ZNEWS.ID JAKARTA – Dokter Spesialis Kedokteran Jiwa Santi Yulianti menggarisbawahi bahwa pengalaman trauma pada masa kecil dapat memengaruhi dan membentuk respons seseorang ketika menghadapi masalah sehari-hari.

Menurut Santi, dalam Taklimat Kementerian Kesehatan dengan topik “Ada Apa Dengan Kesehatan Mental” yang diselenggarakan secara online di Jakarta, Kamis (15/6/2023), trauma masa kecil adalah kenangan yang sangat kuat bagi seseorang, sehingga kenangan tersebut disimpan dalam otak kita.

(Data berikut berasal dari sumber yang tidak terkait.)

(* Let $H=([n],E)$ be a hypergraph without loops. For $1\le a\le\#E$ and $b\in\mathbb{N}$ let $s(a,b)$ be the number of $a$-element subsets $S\subseteq E$ such that the hypergraph $([n],S)$ has exactly $b$ connected components (isolated vertices counting as components); set $s(0,n)=1$ and $s(0,b)=0$ for $b\ne n$. Write $T(b,i)=\sum_{c=0}^i(-1)^c\binom{i}{c}(i-c+2)^b$. Then for all $0\le i\le n$ and every $0\le m\le\#E$: \[f_i(\chi_H(k+1))=\sum_{a=0}^{\#E}(-1)^a\sum_{b=0}^n s(a,b)\,T(b,i),\] \[f_i(\chi_H(k+1))\le\sum_{a=0}^{m}(-1)^a\sum_{b=0}^n s(a,b)\,T(b,i)\quad\text{if $m$ is even},\] \[f_i(\chi_H(k+1))\ge\sum_{a=0}^{m}(-1)^a\sum_{b=0}^n s(a,b)\,T(b,i)\quad\text{if $m$ is odd}.\] Moreover, if $l=\min\{\#F: F\in E\}$ and $n-l+2\le i\le n$, then $f_i(\chi_H(k+1))=\sum_{j=0}^i(-1)^j\binom{i}{j}(i-j+2)^n$.
   Context: A hypergraph $H=([n],E)$ has edges that are nonempty subsets of $[n]$; "without loops" means no edge has cardinality 1; also no edge is properly contained in another. A proper $k$-coloring is a map $[n]\to[k]$ with no monochromatic edge; $\chi_H(k)$ is the number of proper $k$-colorings. For a polynomial $p(k)$ of degree at most $n$, its $f$-vector is defined by $p(k)=\sum_{i=0}^n f_i(p)\binom{k-1}{i}$, $f_{-1}=1$; here $f_i(\chi_H(k+1))$ refers to the polynomial $k\mapsto\chi_H(k+1)$. *)

theory Defs
  imports Main "HOL-Library.FuncSet"
begin

definition hypergraph_noloops :: "nat \<Rightarrow> nat set set \<Rightarrow> bool" where
  "hypergraph_noloops n E \<longleftrightarrow>
     (\<forall>F\<in>E. F \<subseteq> {1..n} \<and> F \<noteq> {} \<and> card F \<noteq> 1) \<and>
     (\<forall>F\<in>E. \<forall>G\<in>E. F \<subseteq> G \<longrightarrow> F = G)"

definition chrom :: "nat \<Rightarrow> nat set set \<Rightarrow> nat \<Rightarrow> nat" where
  "chrom n E k = card {c \<in> {1..n} \<rightarrow>\<^sub>E {1..k}. \<forall>F\<in>E. \<not> (\<exists>x. \<forall>v\<in>F. c v = x)}"

text \<open>f-vector of a polynomial p of degree at most n:
  p(k) = sum_{i=0}^n f_i(p) * binom(k-1, i) (polynomial identity; it suffices, and is equivalent, to require it at all integers k >= 1,
  which determines the coefficients uniquely).\<close>
definition fvec :: "nat \<Rightarrow> (nat \<Rightarrow> int) \<Rightarrow> nat \<Rightarrow> int" where
  "fvec n p = (THE f. (\<forall>j>n. f j = 0) \<and>
      (\<forall>k::nat. k \<ge> 1 \<longrightarrow> p k = (\<Sum>j\<le>n. f j * int ((k - 1) choose j))))"

definition ncomp :: "nat \<Rightarrow> nat set set \<Rightarrow> nat" where
  "ncomp n S = card ({1..n} // ({(u, v). \<exists>F\<in>S. u \<in> F \<and> v \<in> F}\<^sup>*))"

definition scount :: "nat \<Rightarrow> nat set set \<Rightarrow> nat \<Rightarrow> nat \<Rightarrow> nat" where
  "scount n E a b = (if a = 0 then (if b = n then 1 else 0)
      else card {S. S \<subseteq> E \<and> card S = a \<and> ncomp n S = b})"

definition Tcoef :: "nat \<Rightarrow> nat \<Rightarrow> int" where
  "Tcoef b i = (\<Sum>c=0..i. (-1)^c * int (i choose c) * (int i - int c + 2)^b)"

end

theory Submission
  imports Defs
begin

(*
  Let f_i be the i-th entry of the f-vector of k \<mapsto> \<chi>_H(k+1).  The proof identifies f_i
  combinatorially: f_i is the number of proper colourings of H with colours 1..i+2 that
  use every colour 3..i+2.  Both this number and \<chi>_H are computed by inclusion-exclusion
  over the sets J of edges that are forced to be monochromatic.  A colouring constant on
  every edge of J is the same as a colouring of the c(J) connected components of ([n],J),
  so \<chi>_H(k) = \<Sum>_J (-1)^|J| k^c(J), while the colourings using all of 3..i+2 give
  \<Sum>_J (-1)^|J| T(c(J),i), T(b,i) being the number of maps from a b-set to 1..i+2 hitting
  3..i+2.  The Newton-type expansion (x+2)^b = \<Sum>_j T(b,j) C(x,j) links the two, and the
  uniqueness of expansions in the basis C(k-1,j) identifies f_i.  Truncating the
  inclusion-exclusion sum gives the Bonferroni inequalities.  Finally T(b,i) = 0 for b < i,
  and a nonempty J containing an edge of size l has at most n-l+1 components, so for
  i \<ge> n-l+2 only J = {} contributes.
*)

definition alt_sum :: "'a set \<Rightarrow> nat \<Rightarrow> ('a set \<Rightarrow> int) \<Rightarrow> int" where
  "alt_sum I m w = (\<Sum>a=0..m. (-1)^a * (\<Sum>J\<in>{J. J \<subseteq> I \<and> card J = a}. w J))"

lemma alt_sum_cong:
  assumes "\<And>J. J \<subseteq> I \<Longrightarrow> w J = w' J"
  shows "alt_sum I m w = alt_sum I m w'"
  unfolding alt_sum_def using assms by (intro sum.cong refl arg_cong2[where f = "(*)"]) auto

lemma alt_sum_linear:
  "alt_sum I m (\<lambda>J. \<Sum>j\<in>X. w J j * c j) = (\<Sum>j\<in>X. alt_sum I m (\<lambda>J. w J j) * c j)"
proof -
  have "alt_sum I m (\<lambda>J. \<Sum>j\<in>X. w J j * c j)
      = (\<Sum>a=0..m. \<Sum>J\<in>{J. J \<subseteq> I \<and> card J = a}. \<Sum>j\<in>X. (-1)^a * w J j * c j)"
    unfolding alt_sum_def by (simp add: sum_distrib_left mult.assoc)
  also have "\<dots> = (\<Sum>j\<in>X. \<Sum>a=0..m. \<Sum>J\<in>{J. J \<subseteq> I \<and> card J = a}. (-1)^a * w J j * c j)"
    by (simp add: sum.swap[where B = X])
  also have "\<dots> = (\<Sum>j\<in>X. alt_sum I m (\<lambda>J. w J j) * c j)"
    unfolding alt_sum_def by (simp add: sum_distrib_left sum_distrib_right mult.assoc)
  finally show ?thesis .
qed

lemma alt_sum_only_empty:
  assumes "finite I" and "\<And>J. J \<subseteq> I \<Longrightarrow> J \<noteq> {} \<Longrightarrow> w J = 0"
  shows "alt_sum I m w = w {}"
proof -
  have "{J. J \<subseteq> I \<and> card J = 0} = {{}}"
    using assms(1) by (auto simp: card_eq_0_iff dest: rev_finite_subset)
  moreover have "(\<Sum>J\<in>{J. J \<subseteq> I \<and> card J = a}. w J) = 0" if "a \<ge> 1" for a
    using that by (intro sum.neutral) (auto intro!: assms(2))
  ultimately show ?thesis
    unfolding alt_sum_def by (subst sum.atLeast_Suc_atMost) simp_all
qed

lemma choose_alternating_partial_sum:
  assumes "t \<ge> 1"
  shows "(\<Sum>a\<le>m. (-1)^a * int (t choose a)) = (-1)^m * int ((t - 1) choose m)"
proof (induction m)
  case 0 then show ?case by simp
next
  case (Suc m)
  obtain s where t: "t = Suc s" using assms by (cases t) auto
  have "(\<Sum>a\<le>Suc m. (-1)^a * int (t choose a))
      = (-1)^m * int (s choose m) + (-1)^Suc m * int (t choose Suc m)"
    using Suc t by simp
  also have "\<dots> = (-1)^Suc m * int (s choose Suc m)"
    by (simp add: t algebra_simps)
  finally show ?case by (simp add: t)
qed

lemma bonferroni_remainder:
  fixes U :: "'a set" and I :: "'b set" and A :: "'b \<Rightarrow> 'a set"
  assumes fU: "finite U" and fI: "finite I"
  shows "alt_sum I m (\<lambda>J. int (card {x\<in>U. \<forall>j\<in>J. x \<in> A j}))
       = int (card {x\<in>U. \<forall>j\<in>I. x \<notin> A j})
         + (-1)^m * (\<Sum>x\<in>{x\<in>U. \<exists>j\<in>I. x \<in> A j}. int ((card {j\<in>I. x \<in> A j} - 1) choose m))"
proof -
  define T where "T x = {j\<in>I. x \<in> A j}" for x
  have fT: "finite (T x)" for x using fI by (simp add: T_def)
  text \<open>Double counting the pairs \<open>(x, J)\<close> with \<open>J \<subseteq> T x\<close>, \<open>|J| = a\<close>.\<close>
  have pairs: "(\<Sum>J\<in>{J. J \<subseteq> I \<and> card J = a}. int (card {x\<in>U. \<forall>j\<in>J. x \<in> A j}))
      = (\<Sum>x\<in>U. int (card (T x) choose a))" for a
  proof -
    have "(\<Sum>J\<in>{J. J \<subseteq> I \<and> card J = a}. int (card {x\<in>U. \<forall>j\<in>J. x \<in> A j}))
        = (\<Sum>J\<in>{J. J \<subseteq> I \<and> card J = a}. \<Sum>x\<in>U. if \<forall>j\<in>J. x \<in> A j then 1 else 0)"
      using fU by (simp add: sum.If_cases Int_def)
    also have "\<dots> = (\<Sum>x\<in>U. \<Sum>J\<in>{J. J \<subseteq> I \<and> card J = a}. if \<forall>j\<in>J. x \<in> A j then 1 else 0)"
      by (rule sum.swap)
    also have "\<dots> = (\<Sum>x\<in>U. int (card {J\<in>{J. J \<subseteq> I \<and> card J = a}. \<forall>j\<in>J. x \<in> A j}))"
      using fI by (intro sum.cong refl) (simp add: sum.If_cases Int_def)
    also have "\<dots> = (\<Sum>x\<in>U. int (card {J. J \<subseteq> T x \<and> card J = a}))"
      by (intro sum.cong refl arg_cong[where f = "\<lambda>S. int (card S)"]) (auto simp: T_def)
    also have "\<dots> = (\<Sum>x\<in>U. int (card (T x) choose a))"
      using n_subsets[OF fT] by simp
    finally show ?thesis .
  qed
  have point: "(\<Sum>a\<le>m. (-1)^a * int (card (T x) choose a))
      = (if \<exists>j\<in>I. x \<in> A j then (-1)^m * int ((card (T x) - 1) choose m) else 1)" for x
  proof (cases "\<exists>j\<in>I. x \<in> A j")
    case True
    then have "card (T x) \<ge> 1" using fT by (auto simp: T_def Suc_le_eq card_gt_0_iff)
    then show ?thesis using True choose_alternating_partial_sum by simp
  next
    case False
    then have "T x = {}" by (auto simp: T_def)
    then show ?thesis using False by (induction m) auto
  qed
  have "alt_sum I m (\<lambda>J. int (card {x\<in>U. \<forall>j\<in>J. x \<in> A j}))
      = (\<Sum>x\<in>U. \<Sum>a\<le>m. (-1)^a * int (card (T x) choose a))"
    unfolding alt_sum_def pairs by (simp add: atLeast0AtMost sum_distrib_left sum.swap[where A = U])
  also have "\<dots> = (\<Sum>x\<in>U. if \<exists>j\<in>I. x \<in> A j then (-1)^m * int ((card (T x) - 1) choose m) else 1)"
    by (simp add: point)
  finally show ?thesis
    using fU by (simp add: sum.If_cases Int_def sum_distrib_left T_def conj_commute)
qed

text \<open>Inclusion-exclusion: for \<open>m = |I|\<close> the error term vanishes.\<close>
lemma inclusion_exclusion:
  fixes U :: "'a set" and I :: "'b set" and A :: "'b \<Rightarrow> 'a set"
  assumes fU: "finite U" and fI: "finite I"
  shows "alt_sum I (card I) (\<lambda>J. int (card {x\<in>U. \<forall>j\<in>J. x \<in> A j}))
       = int (card {x\<in>U. \<forall>j\<in>I. x \<notin> A j})"
proof -
  have "card {j\<in>I. x \<in> A j} - 1 < card I" if "\<exists>j\<in>I. x \<in> A j" for x
  proof -
    have "card {j\<in>I. x \<in> A j} \<le> card I" using fI by (intro card_mono) auto
    moreover have "card {j\<in>I. x \<in> A j} > 0" using that fI by (auto simp: card_gt_0_iff)
    ultimately show ?thesis by simp
  qed
  then show ?thesis using bonferroni_remainder[OF fU fI, of "card I" A] by (simp add: binomial_eq_0)
qed

lemma bonferroni_even:
  fixes U :: "'a set" and I :: "'b set" and A :: "'b \<Rightarrow> 'a set"
  assumes "finite U" "finite I" "even m"
  shows "int (card {x\<in>U. \<forall>j\<in>I. x \<notin> A j}) \<le> alt_sum I m (\<lambda>J. int (card {x\<in>U. \<forall>j\<in>J. x \<in> A j}))"
  using bonferroni_remainder[OF assms(1,2), of m A] assms(3) by (simp add: sum_nonneg)

lemma bonferroni_odd:
  fixes U :: "'a set" and I :: "'b set" and A :: "'b \<Rightarrow> 'a set"
  assumes "finite U" "finite I" "odd m"
  shows "alt_sum I m (\<lambda>J. int (card {x\<in>U. \<forall>j\<in>J. x \<in> A j})) \<le> int (card {x\<in>U. \<forall>j\<in>I. x \<notin> A j})"
  using bonferroni_remainder[OF assms(1,2), of m A] assms(3) by (simp add: sum_nonneg)


text \<open>\<open>cover_num r b i\<close> counts the maps from a \<open>b\<close>-element set to \<open>{1..r+i}\<close> whose image
  contains the \<open>i\<close> colours \<open>r+1..r+i\<close> (lemma \<open>card_covering_maps\<close>); \<open>Tcoef\<close> is the
  case \<open>r = 2\<close>.\<close>
definition cover_num :: "nat \<Rightarrow> nat \<Rightarrow> nat \<Rightarrow> int" where
  "cover_num r b i = (\<Sum>c=0..i. (-1)^c * int (i choose c) * (int r + int i - int c)^b)"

Santi menjelaskan bahwa trauma yang dialami pada masa anak-anak akan menjadi memori yang paling benar menurut persepsi otak seseorang. Memori tersebut akan mempengaruhi respons yang diberikan oleh seseorang saat menghadapi masalah.

“Proses penyembuhan trauma tidak bisa dilakukan dengan cepat karena trauma merupakan luka emosional yang mendalam bagi individu tersebut,” katanya.

Sebagai contoh, jika seseorang mengalami trauma akibat sering ditegur oleh orang tua yang kasar dan tegas, kemudian di tempat kerja saat ini mereka bertemu dengan atasan yang memiliki sifat yang sama, kenangan masa lalu akan membuat mereka merasa tidak berani mengemukakan pendapat dan harus patuh.

Santi menyatakan bahwa cara berpikir sangat memengaruhi pola pengasuhan terhadap anak di masa depan. Pola pengasuhan ini akan membentuk bagaimana otak mengomunikasikan referensi yang diperlukan.

Santi juga memberikan contoh, ketika seorang anak tumbuh dalam kecemasan karena sering dilarang atau ditakut-takuti, maka ketika anak tersebut harus membuat keputusan, mereka tidak memiliki referensi yang cukup untuk menyelesaikan masalah karena takut dihukum atas setiap keputusan yang diambil.

“Mengadaptasi kondisi tersebut membutuhkan waktu yang lama, seperti yang telah dijelaskan sebelumnya, karena trauma masa kecil dan pola pengasuhan sangat mempengaruhi kehidupan kita di masa depan,” tuturnya.